WHAT IS EXPECTED:
From the records that follow, copy every line in which "simp" appears.

DATASET CONTENT:
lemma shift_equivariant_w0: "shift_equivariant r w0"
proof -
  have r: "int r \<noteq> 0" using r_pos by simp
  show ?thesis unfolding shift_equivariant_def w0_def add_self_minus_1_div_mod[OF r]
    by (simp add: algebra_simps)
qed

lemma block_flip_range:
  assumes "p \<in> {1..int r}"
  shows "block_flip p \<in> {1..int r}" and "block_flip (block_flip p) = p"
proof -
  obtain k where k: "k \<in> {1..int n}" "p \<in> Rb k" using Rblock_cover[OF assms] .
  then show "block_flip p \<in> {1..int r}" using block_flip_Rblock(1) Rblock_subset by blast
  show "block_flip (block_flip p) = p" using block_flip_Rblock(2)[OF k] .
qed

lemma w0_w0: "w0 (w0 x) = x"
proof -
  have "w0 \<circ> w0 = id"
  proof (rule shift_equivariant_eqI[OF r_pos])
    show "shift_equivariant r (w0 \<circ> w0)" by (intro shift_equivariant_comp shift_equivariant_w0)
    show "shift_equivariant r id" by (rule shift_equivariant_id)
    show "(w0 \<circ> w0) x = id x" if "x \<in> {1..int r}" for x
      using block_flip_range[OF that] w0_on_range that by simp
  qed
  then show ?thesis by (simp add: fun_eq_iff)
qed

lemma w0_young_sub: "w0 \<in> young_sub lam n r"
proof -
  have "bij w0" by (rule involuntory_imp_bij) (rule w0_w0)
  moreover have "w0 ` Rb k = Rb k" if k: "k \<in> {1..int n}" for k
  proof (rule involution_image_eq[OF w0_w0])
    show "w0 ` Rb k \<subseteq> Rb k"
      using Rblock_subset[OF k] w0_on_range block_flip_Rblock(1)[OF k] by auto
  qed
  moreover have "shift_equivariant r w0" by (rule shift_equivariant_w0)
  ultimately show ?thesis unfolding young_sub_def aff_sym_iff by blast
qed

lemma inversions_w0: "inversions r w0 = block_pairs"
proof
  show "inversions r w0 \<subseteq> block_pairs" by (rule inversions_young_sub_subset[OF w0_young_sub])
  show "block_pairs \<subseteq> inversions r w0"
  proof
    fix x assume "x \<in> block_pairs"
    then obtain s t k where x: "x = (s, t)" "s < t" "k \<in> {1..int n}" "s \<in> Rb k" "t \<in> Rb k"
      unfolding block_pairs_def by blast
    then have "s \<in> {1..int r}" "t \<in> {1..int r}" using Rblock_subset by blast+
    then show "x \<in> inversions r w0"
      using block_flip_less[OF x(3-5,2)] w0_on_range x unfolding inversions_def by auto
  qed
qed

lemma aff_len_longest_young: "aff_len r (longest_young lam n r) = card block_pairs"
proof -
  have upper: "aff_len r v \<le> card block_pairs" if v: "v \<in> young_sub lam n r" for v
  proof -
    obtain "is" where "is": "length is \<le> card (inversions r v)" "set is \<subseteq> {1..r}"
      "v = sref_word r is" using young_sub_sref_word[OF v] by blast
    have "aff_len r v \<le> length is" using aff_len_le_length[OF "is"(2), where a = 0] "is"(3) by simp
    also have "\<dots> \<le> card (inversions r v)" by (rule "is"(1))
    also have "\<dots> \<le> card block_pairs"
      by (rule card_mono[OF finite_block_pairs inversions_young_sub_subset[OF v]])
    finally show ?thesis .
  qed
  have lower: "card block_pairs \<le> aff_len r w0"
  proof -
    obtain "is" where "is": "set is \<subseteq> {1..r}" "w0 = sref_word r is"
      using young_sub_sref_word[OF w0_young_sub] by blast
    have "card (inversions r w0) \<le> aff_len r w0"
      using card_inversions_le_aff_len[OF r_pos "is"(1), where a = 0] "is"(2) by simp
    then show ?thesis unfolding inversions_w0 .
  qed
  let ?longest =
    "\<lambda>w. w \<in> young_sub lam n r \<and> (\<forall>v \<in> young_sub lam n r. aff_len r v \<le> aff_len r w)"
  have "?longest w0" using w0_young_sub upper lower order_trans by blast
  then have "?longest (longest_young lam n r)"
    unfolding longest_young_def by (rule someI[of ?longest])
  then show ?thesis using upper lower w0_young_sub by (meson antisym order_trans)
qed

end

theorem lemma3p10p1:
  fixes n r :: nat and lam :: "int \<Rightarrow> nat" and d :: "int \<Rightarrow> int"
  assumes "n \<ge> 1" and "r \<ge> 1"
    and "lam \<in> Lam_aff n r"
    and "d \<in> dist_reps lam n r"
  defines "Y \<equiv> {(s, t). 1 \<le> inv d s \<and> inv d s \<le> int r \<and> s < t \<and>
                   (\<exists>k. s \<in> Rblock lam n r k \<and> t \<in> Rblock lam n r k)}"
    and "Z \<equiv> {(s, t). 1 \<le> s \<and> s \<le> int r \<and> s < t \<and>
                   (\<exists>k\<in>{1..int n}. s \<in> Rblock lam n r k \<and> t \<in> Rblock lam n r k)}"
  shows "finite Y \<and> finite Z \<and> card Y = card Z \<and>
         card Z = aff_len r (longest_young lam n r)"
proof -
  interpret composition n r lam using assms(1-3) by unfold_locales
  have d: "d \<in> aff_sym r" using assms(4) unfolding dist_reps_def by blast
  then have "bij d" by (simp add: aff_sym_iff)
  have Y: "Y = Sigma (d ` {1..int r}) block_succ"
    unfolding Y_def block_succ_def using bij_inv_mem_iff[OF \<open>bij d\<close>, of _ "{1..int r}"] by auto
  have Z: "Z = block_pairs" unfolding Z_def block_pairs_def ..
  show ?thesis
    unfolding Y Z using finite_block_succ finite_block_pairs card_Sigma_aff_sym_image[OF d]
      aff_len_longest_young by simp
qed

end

FINAL ANSWER:
  have r: "int r \<noteq> 0" using r_pos by simp
    by (simp add: algebra_simps)
      using block_flip_range[OF that] w0_on_range that by simp
  then show ?thesis by (simp add: fun_eq_iff)
    have "aff_len r v \<le> length is" using aff_len_le_length[OF "is"(2), where a = 0] "is"(3) by simp
      using card_inversions_le_aff_len[OF r_pos "is"(1), where a = 0] "is"(2) by simp
  then have "bij d" by (simp add: aff_sym_iff)
      aff_len_longest_young by simp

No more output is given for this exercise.